Making Tax Digital or MTD is an initiative, introduced by the HMRC, that has been designed to make the UK Tax system more efficient, effective and easier for taxpayers. It begins on 1 April 2019 for VAT, but other tax components – such as income tax and corporation tax – have been placed on hold until April 2020. In short, it is a system by which tax information for businesses is to become digitalised, leading to fewer errors and a clearer audit trail.
- 2. MTD for Business
Businesses/organisations, including those with property income, will now be required to maintain digital records of accounting. Paper records will no longer meet the legal requirements in tax legislation. Compatible software must be used to submit returns to HMRC, using the HMRC’s Application Program Interfaces Platform to submit information. The current services for online tax will be withdrawn for those within the scope of the MTD rules.
- 3. MTD and VAT
The Financial Secretary to the Treasury and Paymaster General announced that Making Tax Digital for VAT will come into effect from April 2019. VAT-registered businesses that are above the £85k threshold will have to keep digital records and submit their returns using compatible software. MTD will be available on a voluntary basis for other businesses.
- 4. Exemptions
The exemptions that already apply to electronic VAT returns will stand to cover digital record keeping. These apply to businesses whose beliefs are incompatible with electronic communication use, practising members of a religious society, to whom an insolvency procedure is applied, and those who commissioners are satisfied that it is not practicable to make a return using an electronic return system i.e. due to disability, age, remote location.
- 5. The Content of Digital Records
The information that a business needs to keep on a digital record will be specified in the new regulations. This will include the business name, the principal place of business, its VAT registration number, information about the VAT accounting schemes used, and the VAT account that each VAT-registered business must keep by law.
- 6. Flat Rate Scheme
Digital record-keeping requirements for flat rate scheme users will mirror the requirements currently in place. Scheme users must keep a record of all sales, but only need to keep a record of purchases that relate to capital goods with a value of £2000 or more (VAT inclusive).
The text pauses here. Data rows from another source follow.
text \<open>Pick a dyadic threshold \<open>\<tau> = 2\<^sup>-\<^sup>j\<close>, \<open>j \<le> N \<approx> log\<^sub>2((1+\<alpha>)/\<alpha>)\<close>, such that the
  \<open>\<pi>\<close>-mass \<open>Q\<close> of the concepts with loss at least \<open>\<tau>\<close> satisfies \<open>\<tau> Q \<ge> \<Delta>/(4N)\<close>; it exists
  because \<open>\<Delta> \<le> 2\<^sup>-\<^sup>N + 2 \<Sum>\<^sub>j 2\<^sup>-\<^sup>j Q\<^sub>j\<close>. Restrict \<open>\<pi>\<close> to those concepts and renormalise, and
  replace \<open>\<lambda>\<^sub>c\<close> by the mixture \<open>(1-t)\<mu>\<^sub>c + t\<lambda>\<^sub>c\<close> with \<open>t = K Q\<close>, \<open>K = 2\<alpha>/((1+\<alpha>)\<Delta>)\<close>. The
  new matrix is \<open>K\<close> times a row restriction of \<open>U\<close>, and restricting rows does not increase
  \<open>\<gamma>\<^sub>2\<close>, so \<open>\<gamma>\<^sub>2\<^sup>*\<close> is multiplied by at most \<open>K\<close>, while every remaining concept has loss
  \<open>\<ge> t \<tau> \<ge> K \<Delta>/(4N)\<close>.\<close>

definition gamma2_costs :: "'r set \<Rightarrow> 'c set \<Rightarrow> ('r \<Rightarrow> 'c \<Rightarrow> real) \<Rightarrow> real set" where
  "gamma2_costs Rw Cl M = {Max (insert 0 ((\<lambda>i. sqrt (\<Sum>l<k. (R i l)^2)) ` Rw)) *
                          Max (insert 0 ((\<lambda>j. sqrt (\<Sum>l<k. (A l j)^2)) ` Cl)) | (k::nat) R A.
                          \<forall>i\<in>Rw. \<forall>j\<in>Cl. M i j = (\<Sum>l<k. R i l * A l j)}"

lemma gamma2_eq_Inf_costs: "gamma2 Rw Cl M = Inf (gamma2_costs Rw Cl M)"
  unfolding gamma2_def gamma2_costs_def by simp

lemma Max_insert_zero_nonneg: "finite S \<Longrightarrow> 0 \<le> Max (insert (0::real) (f ` S))"
  by (simp add: Max_ge_iff)

lemma Max_insert_zero_upper: "finite S \<Longrightarrow> x \<in> S \<Longrightarrow> f x \<le> Max (insert (0::real) (f ` S))"
  by (simp add: Max_ge_iff)

lemma gamma2_costs_nonneg:
  "finite Rw \<Longrightarrow> finite Cl \<Longrightarrow> x \<in> gamma2_costs Rw Cl M \<Longrightarrow> 0 \<le> x"
  unfolding gamma2_costs_def using Max_insert_zero_nonneg by (auto intro!: mult_nonneg_nonneg)

lemma bdd_below_gamma2_costs:
  "finite Rw \<Longrightarrow> finite Cl \<Longrightarrow> bdd_below (gamma2_costs Rw Cl M)"
  using gamma2_costs_nonneg by (meson bdd_belowI)

lemma gamma2_costs_nonempty:
  assumes "finite Cl"
  shows "gamma2_costs Rw Cl M \<noteq> {}"
proof -
  obtain f where f: "bij_betw f {0..<card Cl} Cl"
    using ex_bij_betw_nat_finite[OF assms] by blast
  define R where "R i l = M i (f l)" for i l
  define A where "A l j = (if f l = j then 1 else (0::real))" for l j
  have "M i j = (\<Sum>l<card Cl. R i l * A l j)" if "j \<in> Cl" for i j
  proof -
    have "(\<Sum>l<card Cl. R i l * A l j)
        = (\<Sum>l\<in>{0..<card Cl}. (\<lambda>j'. M i j' * (if j' = j then 1 else 0)) (f l))"
      unfolding R_def A_def by (simp add: lessThan_atLeast0)
    also have "\<dots> = (\<Sum>j'\<in>Cl. M i j' * (if j' = j then 1 else 0))"
      by (rule sum.reindex_bij_betw[OF f])
    also have "\<dots> = M i j"
      using that assms by (simp add: if_distrib cong: if_cong)
    finally show ?thesis by simp
  qed
  then show ?thesis unfolding gamma2_costs_def by blast
qed

lemma abs_le_gamma2:
  assumes fin: "finite Rw" "finite Cl" and ij: "i \<in> Rw" "j \<in> Cl"
  shows "\<bar>M i j\<bar> \<le> gamma2 Rw Cl M"
  unfolding gamma2_eq_Inf_costs
proof (rule cInf_greatest[OF gamma2_costs_nonempty[OF fin(2)]])
  fix x assume "x \<in> gamma2_costs Rw Cl M"
  then obtain k :: nat and R A where
    x: "x = Max (insert 0 ((\<lambda>i. sqrt (\<Sum>l<k. (R i l)^2)) ` Rw)) *
            Max (insert 0 ((\<lambda>j. sqrt (\<Sum>l<k. (A l j)^2)) ` Cl))"
    and fac: "\<forall>i\<in>Rw. \<forall>j\<in>Cl. M i j = (\<Sum>l<k. R i l * A l j)"
    unfolding gamma2_costs_def by blast
  have "\<bar>M i j\<bar>^2 \<le> (\<Sum>l<k. (R i l)^2) * (\<Sum>l<k. (A l j)^2)"
    using fac ij Cauchy_Schwarz_ineq_sum[of "\<lambda>l. R i l" "\<lambda>l. A l j" "{..<k}"] by simp
  then have "\<bar>M i j\<bar> \<le> sqrt (\<Sum>l<k. (R i l)^2) * sqrt (\<Sum>l<k. (A l j)^2)"
    by (metis real_sqrt_abs real_sqrt_le_mono real_sqrt_mult abs_abs)
  also have "\<dots> \<le> x"
    unfolding x
    by (intro mult_mono Max_insert_zero_upper Max_insert_zero_nonneg fin ij sum_nonneg
        real_sqrt_ge_zero) simp
  finally show "\<bar>M i j\<bar> \<le> x" .
qed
Businesses that use this scheme do not claim input VAT on most expenses but account for output VAT as a percentage of turnover.
- 7. Voluntary Periodic Updates
VAT information will be able to be submitted periodically, on a voluntary basis; thus, providing an opportunity to provide information more frequently than is obligated. This feature is expected to be used mainly when providing an Income Tax update. However, it could also be used to update a change in circumstances. This won’t affect the VAT return obligation and will not create an early payment request.
- 8. Supplementary Data
When it comes to VAT returns, the simplistic nature of the ‘9 box’ has both advantages and disadvantages. Although it decreases the effort needed to sort through the tax returns, it does not provide any information about how the figures where reached. This makes it difficult for the HMRC to find non-compliant activity. With the new legislation, the HMRC will be able to test the extent to which both themselves and businesses can benefit from this data.
- 9. Helping Businesses, the Self-Employed and Landlords
The latest tax figures have shown that many people can’t get their tax right with many avoidable mistakes. Thanks to the accuracy of digital records, along with the help functions built into the software products and the fact that information will reach the HMRC directly, many transposition errors will be avoided and thus, in turn, this will reduce the tax lost. The process of introducing this mandate has been purposely delayed due to concerns about the changes. This is why MTD will only be mandatory for VAT from at least 2020. Information packs are available on the HMRC website to help with any additional information required.
- 10. How does this affect you?
As previously stated, unless a business is earning over the £85,000 threshold for VAT registration, no mandatory digital tax compliance will be necessary until at least April 2020. However, businesses can begin preparing for the inevitable change by gathering new information digitally and in compliance with the new guidelines. This also applies to those above the VAT threshold, who have a smaller time-frame to adhere to the new rules set out by MTD.
If you would like any further information on MTD or the software that will be required to submit returns to HMRC, please feel free to get in touch. Either give us a call on 0800 0775 888 or send us a message via the online contact form and one of our friendly experts will be happy to answer your questions or queries.
Do you have a query about Making Tax Digital? Speak to one of our consultants.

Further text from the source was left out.